Write out the data again in full, keeping every character the same.

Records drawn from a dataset
-------

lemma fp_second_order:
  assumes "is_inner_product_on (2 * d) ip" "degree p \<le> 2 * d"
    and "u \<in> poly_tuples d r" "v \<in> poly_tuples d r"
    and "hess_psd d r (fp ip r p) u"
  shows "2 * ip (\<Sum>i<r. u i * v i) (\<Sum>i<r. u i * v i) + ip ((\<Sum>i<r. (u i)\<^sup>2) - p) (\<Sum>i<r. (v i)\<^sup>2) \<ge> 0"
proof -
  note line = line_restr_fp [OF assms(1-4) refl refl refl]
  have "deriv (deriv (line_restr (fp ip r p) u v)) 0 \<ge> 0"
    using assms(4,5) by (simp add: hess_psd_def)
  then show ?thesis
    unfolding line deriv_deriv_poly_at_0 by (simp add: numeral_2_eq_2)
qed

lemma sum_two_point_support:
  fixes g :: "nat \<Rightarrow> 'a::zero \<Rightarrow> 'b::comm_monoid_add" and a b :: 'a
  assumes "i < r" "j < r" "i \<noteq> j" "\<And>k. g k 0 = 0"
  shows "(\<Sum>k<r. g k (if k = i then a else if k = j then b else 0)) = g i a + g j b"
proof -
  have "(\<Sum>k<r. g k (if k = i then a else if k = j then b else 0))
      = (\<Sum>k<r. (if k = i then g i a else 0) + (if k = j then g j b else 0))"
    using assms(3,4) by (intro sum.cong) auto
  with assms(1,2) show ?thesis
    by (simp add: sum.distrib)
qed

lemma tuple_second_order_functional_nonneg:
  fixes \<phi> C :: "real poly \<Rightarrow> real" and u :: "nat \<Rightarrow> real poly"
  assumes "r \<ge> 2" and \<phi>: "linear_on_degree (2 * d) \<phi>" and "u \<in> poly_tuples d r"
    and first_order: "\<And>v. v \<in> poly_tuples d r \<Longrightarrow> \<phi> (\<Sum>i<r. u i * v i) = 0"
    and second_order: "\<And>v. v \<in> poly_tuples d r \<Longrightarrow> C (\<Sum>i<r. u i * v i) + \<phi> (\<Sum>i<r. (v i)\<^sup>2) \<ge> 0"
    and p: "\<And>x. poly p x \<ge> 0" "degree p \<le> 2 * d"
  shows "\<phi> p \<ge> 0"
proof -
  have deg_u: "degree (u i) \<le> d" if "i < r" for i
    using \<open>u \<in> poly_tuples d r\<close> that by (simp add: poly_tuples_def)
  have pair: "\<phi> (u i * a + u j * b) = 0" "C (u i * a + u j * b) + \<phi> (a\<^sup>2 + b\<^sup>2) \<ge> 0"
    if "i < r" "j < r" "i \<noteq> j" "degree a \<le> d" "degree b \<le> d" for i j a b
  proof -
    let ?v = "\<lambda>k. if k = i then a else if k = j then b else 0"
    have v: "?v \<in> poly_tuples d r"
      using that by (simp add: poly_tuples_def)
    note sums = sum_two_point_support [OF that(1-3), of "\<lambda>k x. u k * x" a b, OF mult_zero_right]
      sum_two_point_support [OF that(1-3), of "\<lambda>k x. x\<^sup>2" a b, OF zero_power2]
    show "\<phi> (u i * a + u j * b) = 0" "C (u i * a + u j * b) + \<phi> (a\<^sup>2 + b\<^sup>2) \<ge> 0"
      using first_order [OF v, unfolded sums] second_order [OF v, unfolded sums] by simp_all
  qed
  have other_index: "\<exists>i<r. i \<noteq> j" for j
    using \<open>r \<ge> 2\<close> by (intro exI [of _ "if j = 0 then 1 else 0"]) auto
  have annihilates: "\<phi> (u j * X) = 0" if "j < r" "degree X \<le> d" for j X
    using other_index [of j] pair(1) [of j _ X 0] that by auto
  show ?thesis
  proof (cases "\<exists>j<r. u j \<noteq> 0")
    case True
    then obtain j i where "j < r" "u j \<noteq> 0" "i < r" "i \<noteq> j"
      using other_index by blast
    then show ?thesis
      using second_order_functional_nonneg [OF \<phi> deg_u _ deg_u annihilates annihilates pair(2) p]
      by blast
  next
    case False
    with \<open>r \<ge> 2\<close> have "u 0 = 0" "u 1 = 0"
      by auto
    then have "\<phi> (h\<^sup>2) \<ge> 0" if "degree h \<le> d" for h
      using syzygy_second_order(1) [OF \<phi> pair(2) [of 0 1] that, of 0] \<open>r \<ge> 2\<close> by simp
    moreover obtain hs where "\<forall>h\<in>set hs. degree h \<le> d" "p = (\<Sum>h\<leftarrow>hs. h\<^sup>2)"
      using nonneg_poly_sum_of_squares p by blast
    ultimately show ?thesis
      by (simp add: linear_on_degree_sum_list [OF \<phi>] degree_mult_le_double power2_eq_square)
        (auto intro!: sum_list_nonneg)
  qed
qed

-------

— OUTPUT OF THE TASK —
lemma fp_second_order:
  assumes "is_inner_product_on (2 * d) ip" "degree p \<le> 2 * d"
    and "u \<in> poly_tuples d r" "v \<in> poly_tuples d r"
    and "hess_psd d r (fp ip r p) u"
  shows "2 * ip (\<Sum>i<r. u i * v i) (\<Sum>i<r. u i * v i) + ip ((\<Sum>i<r. (u i)\<^sup>2) - p) (\<Sum>i<r. (v i)\<^sup>2) \<ge> 0"
proof -
  note line = line_restr_fp [OF assms(1-4) refl refl refl]
  have "deriv (deriv (line_restr (fp ip r p) u v)) 0 \<ge> 0"
    using assms(4,5) by (simp add: hess_psd_def)
  then show ?thesis
    unfolding line deriv_deriv_poly_at_0 by (simp add: numeral_2_eq_2)
qed

lemma sum_two_point_support:
  fixes g :: "nat \<Rightarrow> 'a::zero \<Rightarrow> 'b::comm_monoid_add" and a b :: 'a
  assumes "i < r" "j < r" "i \<noteq> j" "\<And>k. g k 0 = 0"
  shows "(\<Sum>k<r. g k (if k = i then a else if k = j then b else 0)) = g i a + g j b"
proof -
  have "(\<Sum>k<r. g k (if k = i then a else if k = j then b else 0))
      = (\<Sum>k<r. (if k = i then g i a else 0) + (if k = j then g j b else 0))"
    using assms(3,4) by (intro sum.cong) auto
  with assms(1,2) show ?thesis
    by (simp add: sum.distrib)
qed

lemma tuple_second_order_functional_nonneg:
  fixes \<phi> C :: "real poly \<Rightarrow> real" and u :: "nat \<Rightarrow> real poly"
  assumes "r \<ge> 2" and \<phi>: "linear_on_degree (2 * d) \<phi>" and "u \<in> poly_tuples d r"
    and first_order: "\<And>v. v \<in> poly_tuples d r \<Longrightarrow> \<phi> (\<Sum>i<r. u i * v i) = 0"
    and second_order: "\<And>v. v \<in> poly_tuples d r \<Longrightarrow> C (\<Sum>i<r. u i * v i) + \<phi> (\<Sum>i<r. (v i)\<^sup>2) \<ge> 0"
    and p: "\<And>x. poly p x \<ge> 0" "degree p \<le> 2 * d"
  shows "\<phi> p \<ge> 0"
proof -
  have deg_u: "degree (u i) \<le> d" if "i < r" for i
    using \<open>u \<in> poly_tuples d r\<close> that by (simp add: poly_tuples_def)
  have pair: "\<phi> (u i * a + u j * b) = 0" "C (u i * a + u j * b) + \<phi> (a\<^sup>2 + b\<^sup>2) \<ge> 0"
    if "i < r" "j < r" "i \<noteq> j" "degree a \<le> d" "degree b \<le> d" for i j a b
  proof -
    let ?v = "\<lambda>k. if k = i then a else if k = j then b else 0"
    have v: "?v \<in> poly_tuples d r"
      using that by (simp add: poly_tuples_def)
    note sums = sum_two_point_support [OF that(1-3), of "\<lambda>k x. u k * x" a b, OF mult_zero_right]
      sum_two_point_support [OF that(1-3), of "\<lambda>k x. x\<^sup>2" a b, OF zero_power2]
    show "\<phi> (u i * a + u j * b) = 0" "C (u i * a + u j * b) + \<phi> (a\<^sup>2 + b\<^sup>2) \<ge> 0"
      using first_order [OF v, unfolded sums] second_order [OF v, unfolded sums] by simp_all
  qed
  have other_index: "\<exists>i<r. i \<noteq> j" for j
    using \<open>r \<ge> 2\<close> by (intro exI [of _ "if j = 0 then 1 else 0"]) auto
  have annihilates: "\<phi> (u j * X) = 0" if "j < r" "degree X \<le> d" for j X
    using other_index [of j] pair(1) [of j _ X 0] that by auto
  show ?thesis
  proof (cases "\<exists>j<r. u j \<noteq> 0")
    case True
    then obtain j i where "j < r" "u j \<noteq> 0" "i < r" "i \<noteq> j"
      using other_index by blast
    then show ?thesis
      using second_order_functional_nonneg [OF \<phi> deg_u _ deg_u annihilates annihilates pair(2) p]
      by blast
  next
    case False
    with \<open>r \<ge> 2\<close> have "u 0 = 0" "u 1 = 0"
      by auto
    then have "\<phi> (h\<^sup>2) \<ge> 0" if "degree h \<le> d" for h
      using syzygy_second_order(1) [OF \<phi> pair(2) [of 0 1] that, of 0] \<open>r \<ge> 2\<close> by simp
    moreover obtain hs where "\<forall>h\<in>set hs. degree h \<le> d" "p = (\<Sum>h\<leftarrow>hs. h\<^sup>2)"
      using nonneg_poly_sum_of_squares p by blast
    ultimately show ?thesis
      by (simp add: linear_on_degree_sum_list [OF \<phi>] degree_mult_le_double power2_eq_square)
        (auto intro!: sum_list_nonneg)
  qed
qed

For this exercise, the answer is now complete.